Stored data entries
= = =

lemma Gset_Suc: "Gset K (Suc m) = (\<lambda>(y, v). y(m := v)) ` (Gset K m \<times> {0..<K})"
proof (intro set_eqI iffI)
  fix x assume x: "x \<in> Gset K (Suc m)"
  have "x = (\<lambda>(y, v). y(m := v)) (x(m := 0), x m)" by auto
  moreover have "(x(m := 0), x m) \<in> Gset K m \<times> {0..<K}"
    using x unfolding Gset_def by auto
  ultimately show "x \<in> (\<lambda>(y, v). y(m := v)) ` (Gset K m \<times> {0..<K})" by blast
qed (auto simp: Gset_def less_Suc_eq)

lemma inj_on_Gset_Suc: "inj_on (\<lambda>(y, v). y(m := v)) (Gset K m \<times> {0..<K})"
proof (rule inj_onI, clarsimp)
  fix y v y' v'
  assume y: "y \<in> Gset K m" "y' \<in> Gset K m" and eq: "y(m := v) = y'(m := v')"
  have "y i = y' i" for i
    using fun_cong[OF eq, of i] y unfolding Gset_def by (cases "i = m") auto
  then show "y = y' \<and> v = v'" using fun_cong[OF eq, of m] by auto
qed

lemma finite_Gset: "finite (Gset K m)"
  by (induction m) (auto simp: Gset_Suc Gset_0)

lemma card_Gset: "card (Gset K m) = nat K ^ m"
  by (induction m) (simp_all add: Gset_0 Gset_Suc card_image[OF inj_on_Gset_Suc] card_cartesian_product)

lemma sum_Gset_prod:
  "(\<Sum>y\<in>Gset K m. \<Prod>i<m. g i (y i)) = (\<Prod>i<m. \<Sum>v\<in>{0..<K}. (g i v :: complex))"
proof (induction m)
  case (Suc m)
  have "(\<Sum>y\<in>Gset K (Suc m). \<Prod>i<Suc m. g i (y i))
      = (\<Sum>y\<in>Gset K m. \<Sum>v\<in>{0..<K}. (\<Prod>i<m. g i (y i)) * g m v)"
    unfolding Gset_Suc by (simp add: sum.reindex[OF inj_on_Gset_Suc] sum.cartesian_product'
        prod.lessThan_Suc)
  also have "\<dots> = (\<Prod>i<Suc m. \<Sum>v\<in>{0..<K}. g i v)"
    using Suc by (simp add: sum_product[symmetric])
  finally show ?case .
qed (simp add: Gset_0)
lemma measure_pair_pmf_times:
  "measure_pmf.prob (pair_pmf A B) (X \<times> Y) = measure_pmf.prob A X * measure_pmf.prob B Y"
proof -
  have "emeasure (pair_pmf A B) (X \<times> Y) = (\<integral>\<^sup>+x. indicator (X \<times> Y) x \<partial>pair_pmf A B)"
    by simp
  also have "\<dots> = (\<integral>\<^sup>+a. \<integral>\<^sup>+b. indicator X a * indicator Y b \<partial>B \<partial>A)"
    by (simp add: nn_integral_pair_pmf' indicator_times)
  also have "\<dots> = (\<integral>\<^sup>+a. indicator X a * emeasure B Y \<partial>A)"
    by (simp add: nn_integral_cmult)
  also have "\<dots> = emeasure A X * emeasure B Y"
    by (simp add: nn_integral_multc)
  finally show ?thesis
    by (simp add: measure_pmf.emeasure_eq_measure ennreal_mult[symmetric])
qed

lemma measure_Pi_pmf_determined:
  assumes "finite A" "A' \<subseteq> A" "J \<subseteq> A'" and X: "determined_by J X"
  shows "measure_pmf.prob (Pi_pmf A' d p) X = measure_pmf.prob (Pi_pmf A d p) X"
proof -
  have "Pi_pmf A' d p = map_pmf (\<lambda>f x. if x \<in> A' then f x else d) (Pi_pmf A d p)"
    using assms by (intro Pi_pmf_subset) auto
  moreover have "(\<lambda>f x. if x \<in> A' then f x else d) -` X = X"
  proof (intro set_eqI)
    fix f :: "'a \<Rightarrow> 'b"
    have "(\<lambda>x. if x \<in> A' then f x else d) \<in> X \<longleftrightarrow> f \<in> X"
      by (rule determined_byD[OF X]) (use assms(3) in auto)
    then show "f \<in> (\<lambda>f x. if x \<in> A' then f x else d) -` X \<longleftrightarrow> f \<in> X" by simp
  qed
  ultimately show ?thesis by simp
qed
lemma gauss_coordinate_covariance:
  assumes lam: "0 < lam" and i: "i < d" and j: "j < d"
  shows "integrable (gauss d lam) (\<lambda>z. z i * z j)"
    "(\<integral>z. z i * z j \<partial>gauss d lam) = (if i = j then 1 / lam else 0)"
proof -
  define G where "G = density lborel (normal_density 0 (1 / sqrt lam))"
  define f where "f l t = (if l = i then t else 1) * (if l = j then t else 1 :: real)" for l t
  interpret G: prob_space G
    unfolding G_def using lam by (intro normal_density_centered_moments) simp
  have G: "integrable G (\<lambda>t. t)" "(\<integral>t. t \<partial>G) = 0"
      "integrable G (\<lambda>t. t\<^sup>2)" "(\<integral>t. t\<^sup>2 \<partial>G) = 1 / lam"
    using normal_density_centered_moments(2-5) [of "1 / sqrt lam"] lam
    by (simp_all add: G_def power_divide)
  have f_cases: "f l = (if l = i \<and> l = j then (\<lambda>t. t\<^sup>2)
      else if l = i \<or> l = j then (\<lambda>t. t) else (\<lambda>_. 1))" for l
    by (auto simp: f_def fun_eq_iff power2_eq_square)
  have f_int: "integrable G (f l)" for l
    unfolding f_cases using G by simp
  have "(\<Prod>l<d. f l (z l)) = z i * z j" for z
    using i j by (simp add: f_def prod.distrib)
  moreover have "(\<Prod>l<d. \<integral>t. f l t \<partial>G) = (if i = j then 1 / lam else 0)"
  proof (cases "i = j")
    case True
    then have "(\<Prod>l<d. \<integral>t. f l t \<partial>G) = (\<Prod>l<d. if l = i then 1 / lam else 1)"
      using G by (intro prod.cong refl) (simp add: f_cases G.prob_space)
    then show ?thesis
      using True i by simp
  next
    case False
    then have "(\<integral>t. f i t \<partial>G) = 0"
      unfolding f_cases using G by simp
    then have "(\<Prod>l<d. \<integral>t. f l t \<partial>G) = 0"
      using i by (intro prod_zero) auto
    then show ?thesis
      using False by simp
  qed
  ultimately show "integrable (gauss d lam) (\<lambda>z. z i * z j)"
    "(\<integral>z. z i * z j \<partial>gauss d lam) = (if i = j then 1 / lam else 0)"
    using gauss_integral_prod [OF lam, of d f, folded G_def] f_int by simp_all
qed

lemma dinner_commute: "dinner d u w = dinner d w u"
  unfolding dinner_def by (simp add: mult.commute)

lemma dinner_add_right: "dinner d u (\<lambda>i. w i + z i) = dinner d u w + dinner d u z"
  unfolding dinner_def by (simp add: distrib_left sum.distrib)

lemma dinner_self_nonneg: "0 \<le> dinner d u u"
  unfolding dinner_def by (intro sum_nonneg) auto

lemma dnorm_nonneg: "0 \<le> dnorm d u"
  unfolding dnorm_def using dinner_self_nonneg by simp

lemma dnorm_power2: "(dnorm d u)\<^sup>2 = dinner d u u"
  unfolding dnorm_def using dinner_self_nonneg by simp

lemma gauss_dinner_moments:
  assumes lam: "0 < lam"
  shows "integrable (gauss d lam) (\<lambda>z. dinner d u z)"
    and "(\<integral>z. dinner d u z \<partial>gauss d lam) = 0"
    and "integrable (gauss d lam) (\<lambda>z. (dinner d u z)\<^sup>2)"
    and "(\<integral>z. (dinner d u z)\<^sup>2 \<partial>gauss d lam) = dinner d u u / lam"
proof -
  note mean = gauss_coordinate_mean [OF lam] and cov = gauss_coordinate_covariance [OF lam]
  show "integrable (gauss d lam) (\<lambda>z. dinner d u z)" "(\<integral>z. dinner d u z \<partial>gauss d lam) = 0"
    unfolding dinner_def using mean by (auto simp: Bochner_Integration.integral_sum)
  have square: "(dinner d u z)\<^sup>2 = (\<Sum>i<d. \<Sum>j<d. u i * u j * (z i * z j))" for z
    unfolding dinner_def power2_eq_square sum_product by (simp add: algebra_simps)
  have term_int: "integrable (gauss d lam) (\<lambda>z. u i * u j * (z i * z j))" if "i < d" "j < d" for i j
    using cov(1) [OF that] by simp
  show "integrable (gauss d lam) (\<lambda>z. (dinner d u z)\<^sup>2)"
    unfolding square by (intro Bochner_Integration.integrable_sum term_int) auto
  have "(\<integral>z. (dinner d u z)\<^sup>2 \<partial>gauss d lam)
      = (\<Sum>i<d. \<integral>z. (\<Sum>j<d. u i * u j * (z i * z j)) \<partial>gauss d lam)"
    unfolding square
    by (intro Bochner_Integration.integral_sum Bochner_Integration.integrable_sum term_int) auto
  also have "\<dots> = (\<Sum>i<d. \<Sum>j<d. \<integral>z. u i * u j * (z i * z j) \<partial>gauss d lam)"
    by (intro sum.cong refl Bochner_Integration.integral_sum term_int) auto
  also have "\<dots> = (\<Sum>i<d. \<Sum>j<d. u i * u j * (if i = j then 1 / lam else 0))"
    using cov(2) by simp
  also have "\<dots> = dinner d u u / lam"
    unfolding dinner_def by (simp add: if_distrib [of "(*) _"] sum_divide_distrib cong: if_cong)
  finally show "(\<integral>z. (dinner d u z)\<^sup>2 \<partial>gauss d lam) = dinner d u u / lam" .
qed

= = =

> REQUIRED ACTION:
Within the data above, the lines from the one with "else if l = i" to the one with "using i j by" must be repeated exactly; no other line belongs in the answer.

> RESPONSE BELOW:
      else if l = i \<or> l = j then (\<lambda>t. t) else (\<lambda>_. 1))" for l
    by (auto simp: f_def fun_eq_iff power2_eq_square)
  have f_int: "integrable G (f l)" for l
    unfolding f_cases using G by simp
  have "(\<Prod>l<d. f l (z l)) = z i * z j" for z
    using i j by (simp add: f_def prod.distrib)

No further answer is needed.